Férias pra que te quero 2 - A Missão (não resisti)

Segundo dia em JP. Difícil acordar cedo, uma vez que o sol sobre muuuuuuuito cedo por aqui. Lembramos imediatamente de Natal. O bom de tudo é que após horas e hors de sono, o com o sol já alto ainda eram pouco mais de seis da manhã. Nosso hotel revelou-se ser um bom business hotel, o que é ótimo. O café da manhã é muito bom.
Ajeitamo-nos e saímos para a praia. Dia lindo, sol forte. Escolhemos um trecho logo após o Hotel Tambaú, onde alugamos cadeiras e um pára-sol que não parava. Vento. Vento.
Desculpem o horizonte torto da foto. Meu Photoshop está no pc em casa.
A água estava numa temperatura magnífica. Nem fria nem morna. Ideal. Entrei ja bem tarde depois de morgar algumas horas sob o sol e o vento. Escolhemos uma barra para comer algo. A da vez foi a Palhoça do Gaúcho com o Baiano. Serviço atencioso, preços honestos e banheiros limpissimos (!). Recomendo.
A tarde será reservada para morgação na piscina do hotel, sauna e algumas comprinhas. Jantar, muito provavelmente no Mangai. Stay tuned.

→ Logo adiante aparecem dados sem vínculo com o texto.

(* There exists a smooth $\varrho$-function, i.e. a $\varrho$-function $\varrho:[\omega_1]^2\to\omega$ such that for every limit ordinal $\lambda<\omega_1$ the numerical sequence $\left(\#F_n^\lambda/n\right)_n$ is bounded, where $F_n^\lambda=\{\beta<\lambda:\varrho(\beta,\lambda)\le n\}$.
   Context: A $\varrho$-function is a map $\varrho:[\omega_1]^2\to\omega$ (write $\varrho(\alpha,\beta)$ for $\alpha<\beta$) such that: (1) $\varrho(\alpha,\gamma)\le\max\{\varrho(\alpha,\beta),\varrho(\beta,\gamma)\}$ for all $\alpha<\beta<\gamma<\omega_1$; (2) $\varrho(\alpha,\beta)\le\max\{\varrho(\alpha,\gamma),\varrho(\beta,\gamma)\}$ for all $\alpha<\beta<\gamma<\omega_1$; (3) $\{\alpha<\beta:\varrho(\alpha,\beta)\le n\}$ is finite for all $\beta<\omega_1$ and $n\in\mathbb N$. *)

theory Defs
  imports Complex_Main "HOL-Library.Countable_Set"
begin

text \<open>omega_1 is represented by an arbitrary well-ordered type whose universe is
uncountable while every proper initial segment is countable (this determines
the order type omega_1 up to isomorphism).\<close>

definition omega1_type :: "'a::wellorder itself \<Rightarrow> bool" where
  "omega1_type _ \<longleftrightarrow> \<not> countable (UNIV :: 'a set) \<and> (\<forall>x::'a. countable {y. y < x})"

definition rho_function :: "('a::wellorder \<Rightarrow> 'a \<Rightarrow> nat) \<Rightarrow> bool" where
  "rho_function rho \<longleftrightarrow>
     (\<forall>\<alpha> \<beta> \<gamma>. \<alpha> < \<beta> \<and> \<beta> < \<gamma> \<longrightarrow> rho \<alpha> \<gamma> \<le> max (rho \<alpha> \<beta>) (rho \<beta> \<gamma>)) \<and>
     (\<forall>\<alpha> \<beta> \<gamma>. \<alpha> < \<beta> \<and> \<beta> < \<gamma> \<longrightarrow> rho \<alpha> \<beta> \<le> max (rho \<alpha> \<gamma>) (rho \<beta> \<gamma>)) \<and>
     (\<forall>\<beta> (n::nat). finite {\<alpha>. \<alpha> < \<beta> \<and> rho \<alpha> \<beta> \<le> n})"
(* Let $n\ge 2$ and let $M$ be a uniformly random $n\times n$ matrix with independent entries uniform on $\{-1,+1\}$. Let $R_{11}$ be the event that two distinct columns of $M$ are equal up to sign, and $L_{11}$ the event that two distinct rows of $M$ are equal up to sign. Then $$\mathbb{P}(R_{11}\setminus L_{11})\ \ge\ 2\binom n2\Big(\frac12\Big)^n-\Big(12\binom n2^2-4\binom n2\Big)\Big(\frac14\Big)^n,$$ and, as $n\to\infty$, $$\mathbb{P}(R_{11}\setminus L_{11})=\mathbb{P}(R_{11})-8\binom n2^2\Big(\frac14\Big)^n+O\big(n^6 2^{-3n}\big).$$
   Context: Vectors $x,y\in\{-1,1\}^n$ are equal up to sign if $x=\pm y$. Equivalently, $R_{11}$ (resp. $L_{11}$) is the event that $M$ has a right null vector $Mv=0$ (resp. left null vector $vM=0$) of the form $e_i\pm e_j$, $i\ne j$. *)

theory Defs
  imports "HOL-Probability.Probability" "HOL-Library.Landau_Symbols"
begin

text \<open>n x n sign matrices, indexed by {0..<n} x {0..<n}; entries outside the
  index range are fixed to 0 so that the set is finite.\<close>
definition sign_mats :: "nat \<Rightarrow> (nat \<Rightarrow> nat \<Rightarrow> int) set" where
  "sign_mats n = {M. (\<forall>i j. i < n \<and> j < n \<longrightarrow> M i j \<in> {-1, 1}) \<and>
                      (\<forall>i j. \<not> (i < n \<and> j < n) \<longrightarrow> M i j = 0)}"

definition rand_mat :: "nat \<Rightarrow> (nat \<Rightarrow> nat \<Rightarrow> int) pmf" where
  "rand_mat n = pmf_of_set (sign_mats n)"

definition R11 :: "nat \<Rightarrow> (nat \<Rightarrow> nat \<Rightarrow> int) set" where
  "R11 n = {M \<in> sign_mats n. \<exists>i<n. \<exists>j<n. i \<noteq> j \<and>
      ((\<forall>k<n. M k i = M k j) \<or> (\<forall>k<n. M k i = - M k j))}"

definition L11 :: "nat \<Rightarrow> (nat \<Rightarrow> nat \<Rightarrow> int) set" where
  "L11 n = {M \<in> sign_mats n. \<exists>i<n. \<exists>j<n. i \<noteq> j \<and>
      ((\<forall>k<n. M i k = M j k) \<or> (\<forall>k<n. M i k = - M j k))}"

end

theory Submission
  imports Defs
begin

(*
  For a random n x n sign matrix, P(R11 - L11) = P(R11) - P(R11 \<inter> L11).
  R11 is the union over the n choose 2 column pairs of the events "the two columns agree up
  to sign", L11 the analogous union over row pairs.  Every event needed below -- at most two
  column pairs and at most two row pairs agreeing up to sign -- is a "pinned" event: a set of
  rows (columns) each tied up to sign to a row (column) outside the set.  A pinned event with
  a tied rows and b tied columns is in bijection with sign choices for the ties and the free
  cells, so its probability is exactly 2^(a+b+ab) * (2^-(a+b))^n.
*)

definition pm_equal :: "nat \<Rightarrow> (nat \<Rightarrow> int) \<Rightarrow> (nat \<Rightarrow> int) \<Rightarrow> bool" where
  "pm_equal n u v \<longleftrightarrow> (\<exists>t\<in>{-1,1}. \<forall>k<n. u k = t * v k)"

definition col :: "(nat \<Rightarrow> nat \<Rightarrow> int) \<Rightarrow> nat \<Rightarrow> nat \<Rightarrow> int" where
  "col M j = (\<lambda>i. M i j)"

lemma col_apply [simp]: "col M j i = M i j"
  by (simp add: col_def)

lemma sign_mult: "(a::int) \<in> {-1,1} \<Longrightarrow> b \<in> {-1,1} \<Longrightarrow> a * b \<in> {-1,1}"
  by auto

lemma pm_equal_iff: "pm_equal n u v \<longleftrightarrow> (\<forall>k<n. u k = v k) \<or> (\<forall>k<n. u k = - v k)"
  unfolding pm_equal_def by auto

lemma pm_equal_sym: "pm_equal n u v \<Longrightarrow> pm_equal n v u"
  unfolding pm_equal_iff by auto

lemma pm_equal_sign:
  assumes "pm_equal n u v" "k0 < n" "v k0 \<in> {-1,1}"
  shows "u k0 * v k0 \<in> {-1,1}" and "\<And>k. k < n \<Longrightarrow> u k = u k0 * v k0 * v k"
proof -
  from assms(1) obtain t where t: "t \<in> {-1,1}" "\<forall>k<n. u k = t * v k"
    unfolding pm_equal_def by blast
  have "u k0 * v k0 = t" using t assms(2,3) by auto
  then show "u k0 * v k0 \<in> {-1,1}" "\<And>k. k < n \<Longrightarrow> u k = u k0 * v k0 * v k"
    using t by auto
qed

definition pin_event :: "nat \<Rightarrow> nat set \<Rightarrow> nat set \<Rightarrow> (nat \<Rightarrow> nat) \<Rightarrow> (nat \<Rightarrow> nat)
    \<Rightarrow> (nat \<Rightarrow> nat \<Rightarrow> int) set" where
  "pin_event n DR DC sr sc = {M \<in> sign_mats n.
     (\<forall>r\<in>DR. pm_equal n (M r) (M (sr r))) \<and> (\<forall>d\<in>DC. pm_equal n (col M d) (col M (sc d)))}"

(* A pinning: rows in DR are tied to rows outside DR, columns in DC to columns outside DC.
   Such an event is in bijection with choices of one sign per tied row, one sign per tied
   column and an arbitrary sign pattern on the free cells (row not in DR, column not in DC). *)
locale pinning =
  fixes n :: nat and DR DC :: "nat set" and sr sc :: "nat \<Rightarrow> nat"
  assumes n_pos: "0 < n"
    and DR_sub: "DR \<subseteq> {..<n}" and DC_sub: "DC \<subseteq> {..<n}"
    and sr: "\<And>r. r \<in> DR \<Longrightarrow> sr r < n \<and> sr r \<notin> DR"
    and sc: "\<And>d. d \<in> DC \<Longrightarrow> sc d < n \<and> sc d \<notin> DC"
begin

lemma finite_DR: "finite DR" and finite_DC: "finite DC"
  using DR_sub DC_sub finite_subset by auto

(* Some row and some column are not tied; they are used to read off the signs. *)
lemma free_row_exists: obtains x0 where "x0 < n" "x0 \<notin> DR"
proof (cases "DR = {}")
  case True
  then show ?thesis using n_pos that by blast
next
  case False
  then obtain r where "r \<in> DR" by blast
  then show ?thesis using sr that by blast
qed

lemma free_col_exists: obtains y0 where "y0 < n" "y0 \<notin> DC"
proof (cases "DC = {}")
  case True
  then show ?thesis using n_pos that by blast
next
  case False
  then obtain d where "d \<in> DC" by blast
  then show ?thesis using sc that by blast
qed

(* Every row (column) is a signed copy of its base row (column), which is free. *)
definition base_row :: "nat \<Rightarrow> nat" where
  "base_row x = (if x \<in> DR then sr x else x)"

definition base_col :: "nat \<Rightarrow> nat" where
  "base_col y = (if y \<in> DC then sc y else y)"

definition free_cells :: "(nat \<times> nat) set" where
  "free_cells = ({..<n} - DR) \<times> ({..<n} - DC)"

definition codes :: "((nat \<Rightarrow> int) \<times> (nat \<Rightarrow> int) \<times> (nat \<times> nat \<Rightarrow> int)) set" where
  "codes = PiE DR (\<lambda>_. {-1,1}) \<times> PiE DC (\<lambda>_. {-1,1}) \<times> PiE free_cells (\<lambda>_. {-1,1})"

definition matrix_of :: "(nat \<Rightarrow> int) \<times> (nat \<Rightarrow> int) \<times> (nat \<times> nat \<Rightarrow> int) \<Rightarrow> nat \<Rightarrow> nat \<Rightarrow> int" where
  "matrix_of = (\<lambda>(\<tau>, \<sigma>, f) x y. if x < n \<and> y < n then
     (if x \<in> DR then \<tau> x else 1) * (if y \<in> DC then \<sigma> y else 1) * f (base_row x, base_col y)
     else 0)"

lemma base_cell_free: "x < n \<Longrightarrow> y < n \<Longrightarrow> (base_row x, base_col y) \<in> free_cells"
  using sr sc unfolding free_cells_def base_row_def base_col_def by auto

lemma card_codes: "card codes = 2 ^ (card DR + card DC + (n - card DR) * (n - card DC))"
proof -
  have "card free_cells = (n - card DR) * (n - card DC)"
    unfolding free_cells_def card_cartesian_product
    using DR_sub DC_sub by (simp add: card_Diff_subset finite_DR finite_DC)
  then show ?thesis
    unfolding codes_def card_cartesian_product
    by (simp add: card_PiE finite_DR finite_DC free_cells_def power_add numeral_2_eq_2 mult.assoc)
qed

lemma mem_codes: "(\<tau>, \<sigma>, f) \<in> codes \<longleftrightarrow>
    \<tau> \<in> PiE DR (\<lambda>_. {-1,1}) \<and> \<sigma> \<in> PiE DC (\<lambda>_. {-1,1}) \<and> f \<in> PiE free_cells (\<lambda>_. {-1,1})"
  unfolding codes_def by (simp only: mem_Times_iff fst_conv snd_conv)
(* For every $t>0$ the operator $P(t)$ is pre-Harris. In particular the semigroup $\{P(t)\}_{t\ge0}$ is partially integral.
   Context: Fix $\alpha>0$ and a Borel function $h\colon(0,1)\to[0,\infty)$ with $\int_0^1 h(r)r\,dr=1$. Let $m(dx)=x\,dx$ on $E=(0,\infty)$, $L^1=L^1(E,m)$, $D(m)$ the set of nonnegative $f\in L^1$ with $\int f\,dm=1$. Let $\varepsilon_n$ be i.i.d. exponential with mean $1$, $\theta_n$ i.i.d. on $(0,1)$ with $P(\theta_n\le r)=\int_0^r h(z)z\,dz$, all independent. The process $\{X(t)\}_{t\ge0}$ started at $X_0=x>0$ is defined by $X(t)=e^{t-t_n}X_n$ for $t_n\le t<t_{n+1}$, where $t_0=0$, $t_n=t_{n-1}+\frac1\alpha\log\big(\varepsilon_n X_{n-1}^{-\alpha}+1\big)$ and $X_n=\theta_n(\varepsilon_n+X_{n-1}^\alpha)^{1/\alpha}$ (a piecewise deterministic Markov process with flow $\pi_t x=e^tx$, jump rate $\varphi(x)=\alpha x^\alpha$ and jumps $x\mapsto\theta x$). $\{P(t)\}_{t\ge0}$ is the stochastic semigroup on $L^1$ such that if $X(0)$ has density $f\in D(m)$ with respect to $m$, then $X(t)$ has density $P(t)f$ with respect to $m$ (it solves $\partial_t u=-\frac1x\partial_x(x^2u)-\varphi u+\int_x^\infty \frac1y h(x/y)\varphi(y)u(t,y)\,dy$). A stochastic operator $Q$ on $L^1$ is pre-Harris if there is a measurable $p\colon E\times E\to[0,\infty)$ with $Qf(x)\ge\int_E p(x,y)f(y)\,m(dy)$ for $m$-a.e. $x$ and all $f\in D(m)$, and $\int_E p(x,y)\,m(dy)>0$ for $m$-a.e. $x$; it is partially integral if such $p$ exists with $\int_E\int_E p(x,y)\,m(dx)\,m(dy)>0$. The semigroup is partially integral if $P(s)$ is partially integral for some $s>0$. *)

theory Defs
  imports "HOL-Probability.Probability"
begin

segunda-feira, 17 de maio de 2010

Férias pra que te quero

Então, voltei. Mas já fui. Digo, vim. De férias.
Depois de um longo e tenebroso inverno, como diria o ditado popular, voltei a estas páginas. Chega de falar de política. Pelo menos por enquanto.
Estou à toa há mais de uma semana, mas sinto que só hoje minhas férias (nossas, digo) começaram. As primeiras em dois anos. Primeironas desde que voltamos ao Patropi. Escolhemos a pacata João Pessoa para o reencontro com o ócio e as praias brasileiras. Se alguém espera histórias tenebrosas de viagem de férias, fico devendo, por enquanto. Espero...
Aeroporto vazio. Check-in feito com antecedência. Bagagens despachadas em poucos minutos. Pouco ou quase nenhum atraso. Tecnicamente não houve atraso, uma vez que o avião começou a taxiar no horário exato do vôo. Escala rápida no Recife e, 30 minutinhos depois, chegamos a João Pessoa. Ou John People, como venho me referindo. O aeroporto modesto, mas bem jeitoso, nos recebe com uma lufada de ar-condicionado, em contraste ao bafão quente do lado de fora. Rapidinho nos aboletamos num táxi muito limpo - o preço é justo, R$ 58,00 até o hotel distante pouco mais de 23 km - e cujo motora foi muito simpático.
O hotel que escolhemos, Verdegreen, está muito bem cotado. Fica no bairro de Manaíra, grudadinho em Tambaú. Chegamos, desempacotamos e fomos caçar donde comer.
Matamos uma moqueca capixaba num modesto mas simpático restaurante e partimos para a digestão caminhando até a praia de Cabo Branco.


Anoitece muito cedo por aqui e voltamos já escuro, lá pelas seis. Agora é descansar que amanhã tem mais. Stay tuned.

domingo, 9 de maio de 2010

Panes et circensis

Está chegando aquela época, quando os homens poderosos, e aqueles que querem uma fatia desse poder, fazem qualquer coisa para chegar lá. É uma época em que todos são competentes, honestos, bem intencionados...e sem memória. Esquecem de tudo que fizeram de errado, ilegal e ruim. Promessas se renovam - assim como se renovaram há quatro anos. É, as promessas são as mesmas. E o que é mais assustador é o fato de que aqueles que deveriam se lembrar dessas promessas, delas se esqueceram completamente. Esqueceram-se justamente aqueles que acreditaram nelas, há quatro anos. São justamente aqueles que acabaram tendo que reclamar daquele mesmo governo, dos mesmos parlamentares que ajudaram a subir ao poder. O tempo faz milagres.
Em ano de copa do mundo essa amnésia coletiva se agrava. Até fins de julho ninguém vai se lembrar de política. E depois vão escolher qualquer um apenas para se livrarem mais rapidamente da obrigação de ter que escolher. E eis que inicia-se um novo ciclo.
E eis que vem a lei da Ficha-Limpa, contemplando incontáveis exceções. Aqui no DF, nosso medo recai no fato de que até agora o Tribunal Eleitoral só ameaçou, mas não invalidou a candidatura Joaquim "Vem Que Eu Dou Lote" Roriz. God help us.